This illustration of a violin by Nicolas Lupot was published in The Strad, February, 1971. The following text is extracted from the article accompanying the photographs:

This month we are able to publish photographs of a very handsome violin which is the sole work of Nicolas Lupot and bears the original label as follows:

Nicolas Lupot, Luthier rue Croix des petits-Champs, Á  Paris, l'an

The instrument, which is in an excellent state of preservation, has a jointed back, cut on the slab, of handsome curl of medium width, which slopes downwards from the centre, that of the sides similar and of the head less pronounced; the table of pine in one piece is of a fine grain on the right-hand side which broadens considerably on the left: the varnish of that beautiful soft quality, reddish orange in colour which Lupot reserved for his finest instruments.
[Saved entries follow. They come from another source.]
lemma lam_le_lamD: "i < n \<Longrightarrow> lam i \<le> lamD"
  unfolding lamD_def by (rule Max_ge) auto

lemma lamD_nonneg: "0 \<le> lamD"
  using lam_nonneg[of 0] lam_le_lamD[of 0] n_pos by auto

lemma noise_integrable:
  assumes "i < n"
  shows "integrable M (noise k y i)" "integral\<^sup>L M (noise k y i) = 0"
proof -
  have eq: "noise k y i \<omega> = T k i \<omega> *v (D *v g i y) - D *v g i y" for \<omega>
    by (simp add: noise_def matrix_vector_mult_diff_rdistrib)
  show "integrable M (noise k y i)"
    unfolding eq[abs_def] using integral_matrix_vector_mult_left[OF T_int[OF assms]] by simp
  show "integral\<^sup>L M (noise k y i) = 0"
    unfolding eq[abs_def] using integral_matrix_vector_mult_left[OF T_int[OF assms]] T_mean[OF assms]
    by (simp add: prob_space)
qed

lemma indep_T_pair:
  assumes "i < n" "j < n" "i \<noteq> j"
  shows "indep_var borel (T k i) borel (T k j)"
proof -
  have "indep_var (PiM {(k,i)} (\<lambda>_. borel)) (\<lambda>\<omega>. restrict (\<lambda>p. (\<lambda>(k, i). T k i) p \<omega>) {(k,i)})
                  (PiM {(k,j)} (\<lambda>_. borel)) (\<lambda>\<omega>. restrict (\<lambda>p. (\<lambda>(k, i). T k i) p \<omega>) {(k,j)})"
    by (rule indep_var_restrict[OF T_indep]) (use assms in auto)
  from indep_var_compose[OF this measurable_component_singleton[of "(k,i)"] measurable_component_singleton[of "(k,j)"]]
  show ?thesis by (simp add: o_def)
qed

lemma indep_noise:
  assumes "i < n" "j < n" "i \<noteq> j"
  shows "indep_var borel (noise k y i) borel (noise k y j)"
  using indep_var_compose[OF indep_T_pair[OF assms], of "\<lambda>A. (A - mat 1) *v (D *v g i y)" borel
      "\<lambda>A. (A - mat 1) *v (D *v g j y)" borel]
  by (simp add: noise_def[abs_def] o_def borel_measurable_continuous_onI continuous_intros)

lemma noise_quadratic_bound:
  assumes i: "i < n"
  shows "integrable M (\<lambda>\<omega>. (L *v noise k y i \<omega>) \<bullet> noise k y i \<omega>)"
    and "(\<integral>\<omega>. (L *v noise k y i \<omega>) \<bullet> noise k y i \<omega> \<partial>M) \<le> lam i * (2 * (fs i y - fsinf i))"
proof -
  let ?R = "msqrt (Ls i)"
  obtain w where w: "Ls i *v w = g i y" using pd_surj[OF Li_pd[OF i]] by (metis surjD)
  define u where "u = ?R *v w"
  have Ru: "?R *v u = g i y" using Ls_sqrt(2)[OF i] w by (simp add: u_def matrix_vector_mul_assoc)
  define q where "q A = u \<bullet> (noise_matrix i A *v u)" for A
  have AE_eq: "AE \<omega> in M. (L *v noise k y i \<omega>) \<bullet> noise k y i \<omega> = q (T k i \<omega>)"
    using T_sym_AE[OF i, of k]
    by (auto simp: q_def noise_def quadratic_form_noise_matrix[OF i] Ru elim!: AE_mp)
  have int_q: "integrable M (\<lambda>\<omega>. q (T k i \<omega>))"
    unfolding q_def using integral_matrix_vector_mult_left[OF integrable_noise_matrix[OF i]] by simp
  have meas: "(\<lambda>\<omega>. (L *v noise k y i \<omega>) \<bullet> noise k y i \<omega>) \<in> borel_measurable M"
    unfolding noise_def using i by (intro borel_measurable_T_comp[where h="\<lambda>A. (L *v ((A - mat 1) *v (D *v g i y))) \<bullet> ((A - mat 1) *v (D *v g i y))"] continuous_intros)
  show int: "integrable M (\<lambda>\<omega>. (L *v noise k y i \<omega>) \<bullet> noise k y i \<omega>)"
    using integrable_cong_AE_imp[OF int_q meas] AE_eq by (simp add: eq_commute)
  have "(\<integral>\<omega>. (L *v noise k y i \<omega>) \<bullet> noise k y i \<omega> \<partial>M) = (\<integral>\<omega>. q (T k i \<omega>) \<partial>M)"
    using AE_eq int int_q by (intro integral_cong_AE) auto
  also have "\<dots> = u \<bullet> (integral\<^sup>L \<mu> (noise_matrix i) *v u)"
    unfolding q_def integral_noise_matrix[OF i, of k]
    using integral_matrix_vector_mult_left[OF integrable_noise_matrix[OF i]] by simp
  also have "\<dots> \<le> lam i * (u \<bullet> u)"
    unfolding lam_def using psd_integral_noise_matrix[OF i]
    by (intro quadratic_form_le_lambda_max) (simp add: psd_def)
  also have "u \<bullet> u = w \<bullet> g i y"
    using inner_symmetric_matrix[OF Ls_sqrt(1)[OF i], of w u] Ru by (simp add: u_def)
  also have "lam i * (w \<bullet> g i y) \<le> lam i * (2 * (fs i y - fsinf i))"
    using matrix_smooth_gradient_bound[OF fi_smooth[OF i] fi_lb[OF i] w] lam_nonneg[OF i]
    by (rule mult_left_mono)
  finally show "(\<integral>\<omega>. (L *v noise k y i \<omega>) \<bullet> noise k y i \<omega> \<partial>M) \<le> lam i * (2 * (fs i y - fsinf i))" .
qed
The button is in its original condition without an added edging of ebony.

The principal measurements are: Length of back 14 1/8; upper bouts 6 5/8 full; centre bouts 4 1/2; lower bouts 8 3/16 full; ribs 1 3/16 to 1 7/32. It is an exact copy of a violin by Stradivari of 1729. The block of wood from which Lupot cut the scroll was  too narrow to enable him to make it exactly the same measurements as that on the Stradivari and so he glued on a piece which on the finished scroll is so narrow as to be almost invisible. This is an indication of the care taken by Lupot to reproduce exactly the measurements of the violin he was copying.